Stored items ▸
(* Let $(T,f,(\le_h))$ be an ordered merge tree and let $\sqsubseteq_L$ be the relation on $L(T)$ given by $u_1\sqsubseteq_L u_2$ iff $\mathrm{anc}_h(u_1)\le_h\mathrm{anc}_h(u_2)$ with $h=\max(f(u_1),f(u_2))$. Then $\sqsubseteq_L$ separates subtrees: for all leaves $u,u_1,u_2\in L(T)$ with $u_1\sqsubseteq_L u\sqsubseteq_L u_2$, we have $u\in T_{\mathrm{lca}(u_1,u_2)}$.
   Context: A merge tree $(T,f)$: a finite rooted tree $T$ identified with its topological realisation, with a continuous $f\colon T\to\mathbb{R}\cup\{\infty\}$ strictly increasing towards the root, $f(v)=\infty$ iff $v$ is the root; lowest leaf at height $0$; $L(T)$ is the set of leaves. $x_1\preceq x_2$ iff there is an $f$-increasing path from $x_1$ to $x_2$; $T_x$ is the subtree of descendants of $x$; $\mathrm{lca}$ is the lowest common ancestor; $\mathrm{anc}_h(x)$ is the unique ancestor of $x$ at height $h\ge f(x)$; $\mathbb{L}_h=\{x:f(x)=h\}$. A layer-order is a family $(\le_h)_{h\ge0}$ of total orders on the $\mathbb{L}_h$ that is consistent: for $h_1\le h_2$ and $x_1,x_2\in\mathbb{L}_{h_1}$, $x_1\le_{h_1}x_2$ implies $\mathrm{anc}_{h_2}(x_1)\le_{h_2}\mathrm{anc}_{h_2}(x_2)$. An ordered merge tree is $(T,f,(\le_h))$. *)

theory Defs
  imports "HOL-Analysis.Analysis"
begin

text \<open>A finite rooted tree is given combinatorially by a finite vertex set V, a root r and a
parent map par (with the convention par r = r).  The topological realisation of the tree is encoded by
points (v, h): a non-root vertex v together with a height h on the edge from v to par v,
f v \<le> h < f (par v); the root itself is the point (r, \<infinity>).  The height function on the
realisation is snd (linear along edges, hence continuous and strictly increasing).\<close>

definition vanc :: "('v \<Rightarrow> 'v) \<Rightarrow> 'v \<Rightarrow> 'v \<Rightarrow> bool" where
  "vanc par v w \<longleftrightarrow> (\<exists>n. (par ^^ n) v = w)"

definition is_leaf :: "'v set \<Rightarrow> 'v \<Rightarrow> ('v \<Rightarrow> 'v) \<Rightarrow> 'v \<Rightarrow> bool" where
  "is_leaf V r par v \<longleftrightarrow> v \<in> V \<and> \<not> (\<exists>w\<in>V. w \<noteq> r \<and> par w = v)"

definition merge_tree :: "'v set \<Rightarrow> 'v \<Rightarrow> ('v \<Rightarrow> 'v) \<Rightarrow> ('v \<Rightarrow> ereal) \<Rightarrow> bool" where
  "merge_tree V r par f \<longleftrightarrow>
     finite V \<and> r \<in> V \<and> par r = r \<and> (\<forall>v\<in>V. par v \<in> V) \<and>
     (\<forall>v\<in>V. \<exists>n. (par ^^ n) v = r) \<and>
     (\<forall>v\<in>V. f v = \<infinity> \<longleftrightarrow> v = r) \<and>
     (\<forall>v\<in>V - {r}. f v < f (par v)) \<and>
     (\<forall>v. is_leaf V r par v \<longrightarrow> 0 \<le> f v) \<and>
     (\<exists>v. is_leaf V r par v \<and> f v = 0)"

definition mt_points :: "'v set \<Rightarrow> 'v \<Rightarrow> ('v \<Rightarrow> 'v) \<Rightarrow> ('v \<Rightarrow> ereal) \<Rightarrow> ('v \<times> ereal) set" where
  "mt_points V r par f = {(v, h). v \<in> V - {r} \<and> f v \<le> h \<and> h < f (par v)} \<union> {(r, \<infinity>)}"

text \<open>x \<preceq> y: there is an f-increasing path from x to y.\<close>
definition mt_le :: "('v \<Rightarrow> 'v) \<Rightarrow> 'v \<times> ereal \<Rightarrow> 'v \<times> ereal \<Rightarrow> bool" where
  "mt_le par x y \<longleftrightarrow> vanc par (fst x) (fst y) \<and> snd x \<le> snd y"

definition mt_leaves :: "'v set \<Rightarrow> 'v \<Rightarrow> ('v \<Rightarrow> 'v) \<Rightarrow> ('v \<Rightarrow> ereal) \<Rightarrow> ('v \<times> ereal) set" where
  "mt_leaves V r par f = {(v, f v) | v. is_leaf V r par v}"

definition mt_layer :: "'v set \<Rightarrow> 'v \<Rightarrow> ('v \<Rightarrow> 'v) \<Rightarrow> ('v \<Rightarrow> ereal) \<Rightarrow> ereal \<Rightarrow> ('v \<times> ereal) set" where
  "mt_layer V r par f h = {x \<in> mt_points V r par f. snd x = h}"

definition mt_anc :: "'v set \<Rightarrow> 'v \<Rightarrow> ('v \<Rightarrow> 'v) \<Rightarrow> ('v \<Rightarrow> ereal) \<Rightarrow> ereal \<Rightarrow> 'v \<times> ereal \<Rightarrow> 'v \<times> ereal" where
  "mt_anc V r par f h x = (THE y. y \<in> mt_points V r par f \<and> mt_le par x y \<and> snd y = h)"

definition mt_subtree :: "'v set \<Rightarrow> 'v \<Rightarrow> ('v \<Rightarrow> 'v) \<Rightarrow> ('v \<Rightarrow> ereal) \<Rightarrow> 'v \<times> ereal \<Rightarrow> ('v \<times> ereal) set" where
  "mt_subtree V r par f x = {y \<in> mt_points V r par f. mt_le par y x}"

definition mt_lca :: "'v set \<Rightarrow> 'v \<Rightarrow> ('v \<Rightarrow> 'v) \<Rightarrow> ('v \<Rightarrow> ereal) \<Rightarrow> 'v \<times> ereal \<Rightarrow> 'v \<times> ereal \<Rightarrow> 'v \<times> ereal" where
  "mt_lca V r par f x y = (THE z. z \<in> mt_points V r par f \<and> mt_le par x z \<and> mt_le par y z \<and>
      (\<forall>z'\<in>mt_points V r par f. mt_le par x z' \<and> mt_le par y z' \<longrightarrow> mt_le par z z'))"

definition total_order_on :: "'a set \<Rightarrow> ('a \<Rightarrow> 'a \<Rightarrow> bool) \<Rightarrow> bool" where
  "total_order_on A R \<longleftrightarrow>
     (\<forall>x\<in>A. R x x) \<and>
     (\<forall>x\<in>A. \<forall>y\<in>A. R x y \<and> R y x \<longrightarrow> x = y) \<and>
     (\<forall>x\<in>A. \<forall>y\<in>A. \<forall>z\<in>A. R x y \<and> R y z \<longrightarrow> R x z) \<and>
     (\<forall>x\<in>A. \<forall>y\<in>A. R x y \<or> R y x)"

definition layer_order :: "'v set \<Rightarrow> 'v \<Rightarrow> ('v \<Rightarrow> 'v) \<Rightarrow> ('v \<Rightarrow> ereal) \<Rightarrow>
    (real \<Rightarrow> 'v \<times> ereal \<Rightarrow> 'v \<times> ereal \<Rightarrow> bool) \<Rightarrow> bool" where
  "layer_order V r par f ord \<longleftrightarrow>
     (\<forall>h. 0 \<le> h \<longrightarrow> total_order_on (mt_layer V r par f (ereal h)) (ord h)) \<and>
     (\<forall>h1 h2 x1 x2. 0 \<le> h1 \<longrightarrow> h1 \<le> h2 \<longrightarrow>
        x1 \<in> mt_layer V r par f (ereal h1) \<longrightarrow> x2 \<in> mt_layer V r par f (ereal h1) \<longrightarrow>
        ord h1 x1 x2 \<longrightarrow>
        ord h2 (mt_anc V r par f (ereal h2) x1) (mt_anc V r par f (ereal h2) x2))"

definition leaf_rel :: "'v set \<Rightarrow> 'v \<Rightarrow> ('v \<Rightarrow> 'v) \<Rightarrow> ('v \<Rightarrow> ereal) \<Rightarrow>
    (real \<Rightarrow> 'v \<times> ereal \<Rightarrow> 'v \<times> ereal \<Rightarrow> bool) \<Rightarrow> 'v \<times> ereal \<Rightarrow> 'v \<times> ereal \<Rightarrow> bool" where
  "leaf_rel V r par f ord u1 u2 \<longleftrightarrow>
     (let h = max (snd u1) (snd u2)
      in ord (real_of_ereal h) (mt_anc V r par f h u1) (mt_anc V r par f h u2))"

end

theory Submission
  imports Defs
begin

text \<open>Let z be any point above both u1 and u2 (such as their lowest common ancestor) and let
g = max(f u, f z).  The ancestors of u1 and u2 at height g both equal the ancestor a of z at
height g.  Consistency of the layer-order pushes u1 \<sqsubseteq>_L u \<sqsubseteq>_L u2 up to
a \<le>_g anc_g(u) \<le>_g a, so anc_g(u) = a by antisymmetry.  If f u \<le> f z this says that u lies
below z; otherwise it says that z lies below the leaf u, so z = u.\<close>

lemma vanc_refl: "vanc par v v"
  unfolding vanc_def by (metis funpow_0)

lemma vanc_par: "vanc par v (par v)"
  unfolding vanc_def by (rule exI[of _ 1]) simp

lemma vanc_trans:
  assumes "vanc par u v" "vanc par v w"
  shows "vanc par u w"
proof -
  obtain m n where "(par ^^ m) u = v" "(par ^^ n) v = w"
    using assms unfolding vanc_def by blast
  then have "(par ^^ (n + m)) u = w" by (simp add: funpow_add)
  then show ?thesis unfolding vanc_def by blast
qed

lemma vanc_funpow_diff:
  assumes "(par ^^ m) u = v" "(par ^^ n) u = w" "m \<le> n"
  shows "vanc par v w"
proof -
  have "(par ^^ (n - m)) v = (par ^^ (n - m + m)) u" using assms(1) by (simp add: funpow_add)
  then show ?thesis using assms(2,3) unfolding vanc_def by auto
qed

lemma vanc_total:
  assumes "vanc par u v" "vanc par u w"
  shows "vanc par v w \<or> vanc par w v"
proof -
  obtain m n where m: "(par ^^ m) u = v" and n: "(par ^^ n) u = w"
    using assms unfolding vanc_def by blast
  show ?thesis
    using vanc_funpow_diff[OF m n] vanc_funpow_diff[OF n m] by linarith
qed

lemma vanc_par_if_neq:
  assumes "vanc par v w" "v \<noteq> w"
  shows "vanc par (par v) w"
proof -
  obtain n where n: "(par ^^ n) v = w" using assms(1) unfolding vanc_def by blast
  with assms(2) obtain m where "n = Suc m" by (cases n) auto
  with n have "(par ^^ m) (par v) = w" by (simp add: funpow_swap1)
  then show ?thesis unfolding vanc_def by blast
qed

text \<open>The first ancestor of v1 that is also an ancestor of v2 is below every common ancestor.\<close>
lemma vanc_least_common_ancestor:
  assumes "vanc par v1 c" "vanc par v2 c"
  obtains w where "vanc par v1 w" "vanc par v2 w"
    "\<And>w'. vanc par v1 w' \<Longrightarrow> vanc par v2 w' \<Longrightarrow> vanc par w w'"
proof -
  define P where "P n \<longleftrightarrow> vanc par v2 ((par ^^ n) v1)" for n
  obtain N where "(par ^^ N) v1 = c" using assms(1) unfolding vanc_def by blast
  with assms(2) have "P N" unfolding P_def by simp
  define n where "n = (LEAST n. P n)"
  have "P n" unfolding n_def by (rule LeastI) fact
  show thesis
  proof (rule that)
    show "vanc par v1 ((par ^^ n) v1)" unfolding vanc_def by blast
    show "vanc par v2 ((par ^^ n) v1)" using \<open>P n\<close> unfolding P_def .
  next
    fix w' assume "vanc par v1 w'" "vanc par v2 w'"
    then obtain m where m: "(par ^^ m) v1 = w'" "P m" unfolding P_def vanc_def[of par v1] by blast
    have "n \<le> m" unfolding n_def using m(2) by (rule Least_le)
    then show "vanc par ((par ^^ n) v1) w'" by (rule vanc_funpow_diff[OF refl m(1)])
  qed
qed

lemma merge_treeD:
  assumes "merge_tree V r par f"
  shows "r \<in> V" "par r = r" "v \<in> V \<Longrightarrow> par v \<in> V"
    "v \<in> V \<Longrightarrow> vanc par v r"
    "v \<in> V \<Longrightarrow> f v = \<infinity> \<longleftrightarrow> v = r"
    "v \<in> V \<Longrightarrow> v \<noteq> r \<Longrightarrow> f v < f (par v)"
    "is_leaf V r par v \<Longrightarrow> 0 \<le> f v"
  using assms unfolding merge_tree_def vanc_def by auto

lemma vanc_in_V:
  assumes "merge_tree V r par f" "v \<in> V" "vanc par v w"
  shows "w \<in> V"
proof -
  obtain n where "(par ^^ n) v = w" using assms(3) unfolding vanc_def by blast
  moreover have "(par ^^ n) v \<in> V" for n
    by (induction n) (simp_all add: assms(2) merge_treeD(3)[OF assms(1)])
  ultimately show ?thesis by blast
qed

lemma vanc_root:
  assumes "merge_tree V r par f" "vanc par r w"
  shows "w = r"
proof -
  have "(par ^^ n) r = r" for n
    by (induction n) (simp_all add: merge_treeD(2)[OF assms(1)])
  then show ?thesis using assms(2) unfolding vanc_def by blast
qed

lemma f_mono_vanc:
  assumes MT: "merge_tree V r par f" and "v \<in> V" "vanc par v w"
  shows "f v \<le> f w"
proof -
  obtain n where "(par ^^ n) v = w" using assms(3) unfolding vanc_def by blast
  then show ?thesis using \<open>v \<in> V\<close>
  proof (induction n arbitrary: v)
    case (Suc n)
    have "f v \<le> f (par v)"
      using merge_treeD(2)[OF MT] merge_treeD(6)[OF MT Suc.prems(2)] by (cases "v = r") auto
    also have "\<dots> \<le> f w"
      using Suc merge_treeD(3)[OF MT] by (simp add: funpow_swap1)
    finally show ?case .
  qed simp
qed

lemma mt_pointsD:
  assumes MT: "merge_tree V r par f" and "y \<in> mt_points V r par f"
  shows "fst y \<in> V" "f (fst y) \<le> snd y" "fst y \<noteq> r \<Longrightarrow> snd y < f (par (fst y))"
  using assms(2) merge_treeD(1,5)[OF MT] unfolding mt_points_def by auto

lemma vertex_in_mt_points:
  assumes MT: "merge_tree V r par f" and "v \<in> V"
  shows "(v, f v) \<in> mt_points V r par f"
  using assms merge_treeD(5,6)[OF MT] unfolding mt_points_def by (cases "v = r") auto

lemma mt_points_eq_if_vanc:
  assumes MT: "merge_tree V r par f"
    and y: "y \<in> mt_points V r par f" and y': "y' \<in> mt_points V r par f"
    and "vanc par (fst y) (fst y')" "snd y = snd y'"
  shows "y = y'"
proof (rule ccontr)
  assume "y \<noteq> y'"
  with assms(5) have ne: "fst y \<noteq> fst y'" by (simp add: prod_eq_iff)
  then have "fst y \<noteq> r" using assms(4) vanc_root[OF MT] by metis
  then have "snd y < f (par (fst y))" using mt_pointsD(3)[OF MT y] by blast
  also have "\<dots> \<le> f (fst y')"
    using f_mono_vanc[OF MT merge_treeD(3)[OF MT mt_pointsD(1)[OF MT y]] vanc_par_if_neq[OF assms(4) ne]] .
  also have "\<dots> \<le> snd y'" using mt_pointsD(2)[OF MT y'] .
  finally show False using assms(5) by simp
qed

lemma mt_le_refl: "mt_le par x x"
  unfolding mt_le_def by (simp add: vanc_refl)

lemma mt_le_trans: "mt_le par x y \<Longrightarrow> mt_le par y z \<Longrightarrow> mt_le par x z"
  unfolding mt_le_def by (metis vanc_trans order_trans)

lemma mt_le_antisym:
  assumes "merge_tree V r par f" "x \<in> mt_points V r par f" "y \<in> mt_points V r par f"
    "mt_le par x y" "mt_le par y x"
  shows "x = y"
  using assms mt_points_eq_if_vanc[OF assms(1-3)] unfolding mt_le_def by auto

lemma mt_le_vertex:
  assumes "merge_tree V r par f" "y \<in> mt_points V r par f" "vanc par w (fst y)" "w \<in> V"
  shows "mt_le par (w, f w) y"
proof -
  have "f w \<le> f (fst y)" using f_mono_vanc[OF assms(1,4,3)] .
  also have "\<dots> \<le> snd y" using mt_pointsD(2)[OF assms(1,2)] .
  finally show ?thesis using assms(3) unfolding mt_le_def by simp
qed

What you will do ▸ Your task is to copy every line in the entries that holds the string "says".

Solution for this problem ▸
a \<le>_g anc_g(u) \<le>_g a, so anc_g(u) = a by antisymmetry.  If f u \<le> f z this says that u lies
below z; otherwise it says that z lies below the leaf u, so z = u.\<close>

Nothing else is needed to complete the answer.